▸ Goal of the exercise
Going through the entries below, work out how many lines have the string "False" in them. Give the number and nothing more.

Saved entries:
lemma sum_surjections_permutations:
  assumes S: "finite S" and h: "bij_betw h S T"
  shows "(\<Sum>f | f \<in> S \<rightarrow>\<^sub>E T \<and> f ` S = T. g f) = (\<Sum>s | s permutes S. g (restrict (h \<circ> s) S))"
proof -
  let ?i = "\<lambda>s. restrict (h \<circ> s) S"
  let ?j = "\<lambda>f x. if x \<in> S then inv_into S h (f x) else x"
  have inj_h: "inj_on h S" and hS: "h ` S = T" using h by (auto simp: bij_betw_def)
  show ?thesis
  proof (rule sum.reindex_bij_witness[of _ ?i ?j])
    fix s assume "s \<in> {s. s permutes S}"
    then have s: "s permutes S" by simp
    show "?j (?i s) = s"
      using s inj_h by (auto simp: fun_eq_iff permutes_in_image permutes_not_in)
    have "(h \<circ> s) ` S = T" using permutes_image[OF s] hS by (metis image_comp)
    then show "?i s \<in> {f. f \<in> S \<rightarrow>\<^sub>E T \<and> f ` S = T}" by auto
  next
    fix f assume "f \<in> {f. f \<in> S \<rightarrow>\<^sub>E T \<and> f ` S = T}"
    then have f: "f \<in> S \<rightarrow>\<^sub>E T" "f ` S = T" by auto
    show "?i (?j f) = f"
    proof
      fix x
      show "?i (?j f) x = f x"
      proof (cases "x \<in> S")
        case True
        then have "f x \<in> h ` S" using PiE_mem[OF f(1) True] hS by simp
        then show ?thesis using True by (simp add: f_inv_into_f)
      next
        case False
        then show ?thesis using PiE_arb[OF f(1) False] by simp
      qed
    qed
    have "card S = card T" using bij_betw_same_card[OF h] .
    then have "bij_betw f S T" using f S by (simp add: bij_betw_def eq_card_imp_inj_on)
    then have "bij_betw (inv_into S h \<circ> f) S S"
      using bij_betw_trans bij_betw_inv_into[OF h] by blast
    then have "bij_betw (?j f) S S" by (rule bij_betw_cong[THEN iffD1, rotated]) auto
    then show "?j f \<in> {s. s permutes S}" by (auto dest: bij_imp_permutes)
    show "g (?i (?j f)) = g f" using \<open>?i (?j f) = f\<close> by simp
  qed
qed

(* For card T = card S this is the square of the minor of W with rows T and columns S;
   otherwise it vanishes. *)
definition cauchy_binet_term :: "nat set \<Rightarrow> ('j \<Rightarrow> nat \<Rightarrow> 'a :: comm_ring_1) \<Rightarrow> 'j set \<Rightarrow> 'a" where
  "cauchy_binet_term S W T =
    (\<Sum>f | f \<in> S \<rightarrow>\<^sub>E T \<and> f ` S = T. (\<Prod>i\<in>S. W (f i) i) * principal_minor S (\<lambda>i. W (f i)))"

lemma cauchy_binet_term_nonneg:
  fixes W :: "'j \<Rightarrow> nat \<Rightarrow> 'a :: linordered_idom"
  assumes S: "finite S" and T: "finite T"
  shows "0 \<le> cauchy_binet_term S W T"
proof (cases "card T = card S")
  case True
  then obtain h where h: "bij_betw h S T" using finite_same_card_bij[OF S T] by metis
  let ?d = "principal_minor S (\<lambda>i. W (h i))"
  have "cauchy_binet_term S W T =
      (\<Sum>s | s permutes S. (\<Prod>i\<in>S. W (h (s i)) i) * principal_minor S (\<lambda>i. W (h (s i))))"
    unfolding cauchy_binet_term_def sum_surjections_permutations[OF S h]
    by (intro sum.cong refl arg_cong2[where f = "(*)"] prod.cong principal_minor_cong) auto
  also have "\<dots> = (\<Sum>s | s permutes S. ?d * (of_int (sign s) * (\<Prod>i\<in>S. W (h (s i)) i)))"
    by (intro sum.cong refl)
      (simp add: principal_minor_permute_rows[OF S, where M = "\<lambda>i. W (h i)"] ac_simps)
  also have "\<dots> = ?d * principal_minor S (\<lambda>i j. W (h j) i)"
    by (simp add: principal_minor_def[of S "\<lambda>i j. W (h j) i"] sum_distrib_left)
  also have "\<dots> = ?d * ?d"
    using principal_minor_transpose[OF S, of "\<lambda>i j. W (h i) j"] by simp
  finally show ?thesis by simp
next
  case False
  have "principal_minor S (\<lambda>i. W (f i)) = 0" if "f ` S = T" for f
  proof -
    from that False have "\<not> inj_on f S" using card_image by blast
    then obtain a b where "a \<in> S" "b \<in> S" "a \<noteq> b" "f a = f b" unfolding inj_on_def by blast
    then show ?thesis by (intro principal_minor_equal_rows[OF S, where a = a and b = b]) auto
  qed
  then show ?thesis unfolding cauchy_binet_term_def by simp
qed

lemma principal_minor_gram:
  assumes S: "finite S" and J: "finite J"
  shows "principal_minor S (gram J W) = (\<Sum>T\<in>Pow J. cauchy_binet_term S W T)"
proof -
  have "(\<Sum>T\<in>Pow J. cauchy_binet_term S W T) =
      (\<Sum>T\<in>Pow J. \<Sum>f | f \<in> S \<rightarrow>\<^sub>E J \<and> f ` S = T. (\<Prod>i\<in>S. W (f i) i) * principal_minor S (\<lambda>i. W (f i)))"
    unfolding cauchy_binet_term_def
    by (intro sum.cong refl arg_cong2[where f = sum]) (auto simp: PiE_iff)
  also have "\<dots> = (\<Sum>f\<in>S \<rightarrow>\<^sub>E J. (\<Prod>i\<in>S. W (f i) i) * principal_minor S (\<lambda>i. W (f i)))"
    using S J by (intro sum.group) (auto simp: finite_PiE)
  finally show ?thesis by (simp add: principal_minor_gram_expansion[OF S J])
qed

section \<open>Inclusion-exclusion for Gram matrices over disjoint index sets\<close>

lemma sum_Pow_inclusion_exclusion_le:
  fixes g :: "'a set \<Rightarrow> 'b :: linordered_semidom"
  assumes fin: "finite A" "finite B" "finite C"
    and disj: "A \<inter> B = {}" "B \<inter> C = {}" "C \<inter> A = {}"
    and nonneg: "\<And>T. T \<subseteq> A \<union> B \<union> C \<Longrightarrow> 0 \<le> g T"
  defines "F \<equiv> \<lambda>U. \<Sum>T\<in>Pow U. g T"
  shows "F (A \<union> B) + F (B \<union> C) + F (C \<union> A) \<le> F A + F B + F C + F (A \<union> B \<union> C)"
proof -
  let ?J = "A \<union> B \<union> C"
  let ?n = "\<lambda>U T. of_bool (T \<subseteq> U) * g T"
  have J: "finite ?J" using fin by simp
  have F: "F U = (\<Sum>T\<in>Pow ?J. ?n U T)" if "U \<subseteq> ?J" for U
    unfolding F_def using that J
    by (simp add: sum.inter_filter[symmetric] finite_subset) (intro sum.cong; auto)
  \<comment> \<open>the empty set and the sets meeting all three parts are counted once more on the right,
    all other sets equally often on both sides\<close>
  have "?n (A \<union> B) T + ?n (B \<union> C) T + ?n (C \<union> A) T \<le> ?n A T + ?n B T + ?n C T + ?n ?J T"
    if "T \<subseteq> ?J" for T
    using that disj nonneg[OF that] by (auto simp: of_bool_def)
  then have "(\<Sum>T\<in>Pow ?J. ?n (A \<union> B) T + ?n (B \<union> C) T + ?n (C \<union> A) T) \<le>
      (\<Sum>T\<in>Pow ?J. ?n A T + ?n B T + ?n C T + ?n ?J T)"
    by (intro sum_mono) auto
  moreover have "A \<union> B \<subseteq> ?J" "B \<union> C \<subseteq> ?J" "C \<union> A \<subseteq> ?J" "A \<subseteq> ?J" "B \<subseteq> ?J" "C \<subseteq> ?J"
    by auto
  ultimately show ?thesis
    by (simp only: F sum.distrib order_refl)
qed

lemma e_k_gram:
  fixes W :: "'j \<Rightarrow> nat \<Rightarrow> real"
  assumes X: "X \<in> carrier_mat N N" and k: "k \<le> N"
    and XW: "\<forall>i<N. \<forall>j<N. X $$ (i, j) = gram J W i j"
  shows "e_k k X = (\<Sum>S | S \<subseteq> {..<N} \<and> card S = k. principal_minor S (gram J W))"
proof -
  have "transpose_mat X = X"
    using X XW by (auto simp: gram_def mult.commute intro!: eq_matI)
  then show ?thesis
    using e_k_principal_minors[OF X _ k] XW by (auto intro!: sum.cong principal_minor_cong)
qed

lemma principal_minor_gram_inclusion_exclusion:
  fixes W :: "'j \<Rightarrow> nat \<Rightarrow> 'a :: linordered_idom"
  assumes S: "finite S" and fin: "finite JA" "finite JB" "finite JC"
    and disj: "JA \<inter> JB = {}" "JB \<inter> JC = {}" "JC \<inter> JA = {}"
  shows "principal_minor S (gram (JA \<union> JB) W) + principal_minor S (gram (JB \<union> JC) W)
      + principal_minor S (gram (JC \<union> JA) W)
    \<le> principal_minor S (gram JA W) + principal_minor S (gram JB W) + principal_minor S (gram JC W)
      + principal_minor S (gram (JA \<union> JB \<union> JC) W)"
  using sum_Pow_inclusion_exclusion_le[OF fin disj, of "cauchy_binet_term S W"] S fin
  by (simp add: principal_minor_gram cauchy_binet_term_nonneg finite_subset)

lemma gram_entries_add:
  assumes "X \<in> carrier_mat N N" "Y \<in> carrier_mat N N"
    and "finite U" "finite V" "U \<inter> V = {}"
    and "\<forall>i<N. \<forall>j<N. X $$ (i, j) = gram U W i j" "\<forall>i<N. \<forall>j<N. Y $$ (i, j) = gram V W i j"
  shows "\<forall>i<N. \<forall>j<N. (X + Y) $$ (i, j) = gram (U \<union> V) W i j"
  using assms gram_union[OF assms(3-5), of W] by simp

lemma e_k_gram_inclusion_exclusion:
  fixes W :: "'j \<Rightarrow> nat \<Rightarrow> real"
  assumes carrier: "A \<in> carrier_mat N N" "B \<in> carrier_mat N N" "C \<in> carrier_mat N N"
    and k: "k \<le> N" and fin: "finite JA" "finite JB" "finite JC"
    and disj: "JA \<inter> JB = {}" "JB \<inter> JC = {}" "JC \<inter> JA = {}"
    and gram_A: "\<forall>i<N. \<forall>j<N. A $$ (i, j) = gram JA W i j"
    and gram_B: "\<forall>i<N. \<forall>j<N. B $$ (i, j) = gram JB W i j"
    and gram_C: "\<forall>i<N. \<forall>j<N. C $$ (i, j) = gram JC W i j"
  shows "e_k k (A + B) + e_k k (B + C) + e_k k (C + A)
    \<le> e_k k A + e_k k B + e_k k C + e_k k (A + B + C)"
proof -
  let ?e = "\<lambda>U. \<Sum>S | S \<subseteq> {..<N} \<and> card S = k. principal_minor S (gram U W)"
  have gram_AB: "\<forall>i<N. \<forall>j<N. (A + B) $$ (i, j) = gram (JA \<union> JB) W i j"
    by (rule gram_entries_add[OF carrier(1,2) fin(1,2) disj(1) gram_A gram_B])
  have gram_BC: "\<forall>i<N. \<forall>j<N. (B + C) $$ (i, j) = gram (JB \<union> JC) W i j"
    by (rule gram_entries_add[OF carrier(2,3) fin(2,3) disj(2) gram_B gram_C])
  have gram_CA: "\<forall>i<N. \<forall>j<N. (C + A) $$ (i, j) = gram (JC \<union> JA) W i j"
    by (rule gram_entries_add[OF carrier(3,1) fin(3,1) disj(3) gram_C gram_A])
  have gram_ABC: "\<forall>i<N. \<forall>j<N. (A + B + C) $$ (i, j) = gram (JA \<union> JB \<union> JC) W i j"
    by (rule gram_entries_add[OF _ carrier(3) _ fin(3) _ gram_AB gram_C])
      (use carrier fin disj in auto)
  have "A + B \<in> carrier_mat N N" "B + C \<in> carrier_mat N N" "C + A \<in> carrier_mat N N"
    "A + B + C \<in> carrier_mat N N"
    using carrier by auto
  then have "e_k k A = ?e JA" "e_k k B = ?e JB" "e_k k C = ?e JC"
    "e_k k (A + B) = ?e (JA \<union> JB)" "e_k k (B + C) = ?e (JB \<union> JC)" "e_k k (C + A) = ?e (JC \<union> JA)"
    "e_k k (A + B + C) = ?e (JA \<union> JB \<union> JC)"
    using carrier gram_A gram_B gram_C gram_AB gram_BC gram_CA gram_ABC
    by (simp_all add: e_k_gram k)
  moreover have "?e (JA \<union> JB) + ?e (JB \<union> JC) + ?e (JC \<union> JA)
      \<le> ?e JA + ?e JB + ?e JC + ?e (JA \<union> JB \<union> JC)"
    unfolding sum.distrib[symmetric]
    by (intro sum_mono principal_minor_gram_inclusion_exclusion[OF _ fin disj])
      (auto intro: finite_subset)
  ultimately show ?thesis by simp
qed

▸ Exercise result
4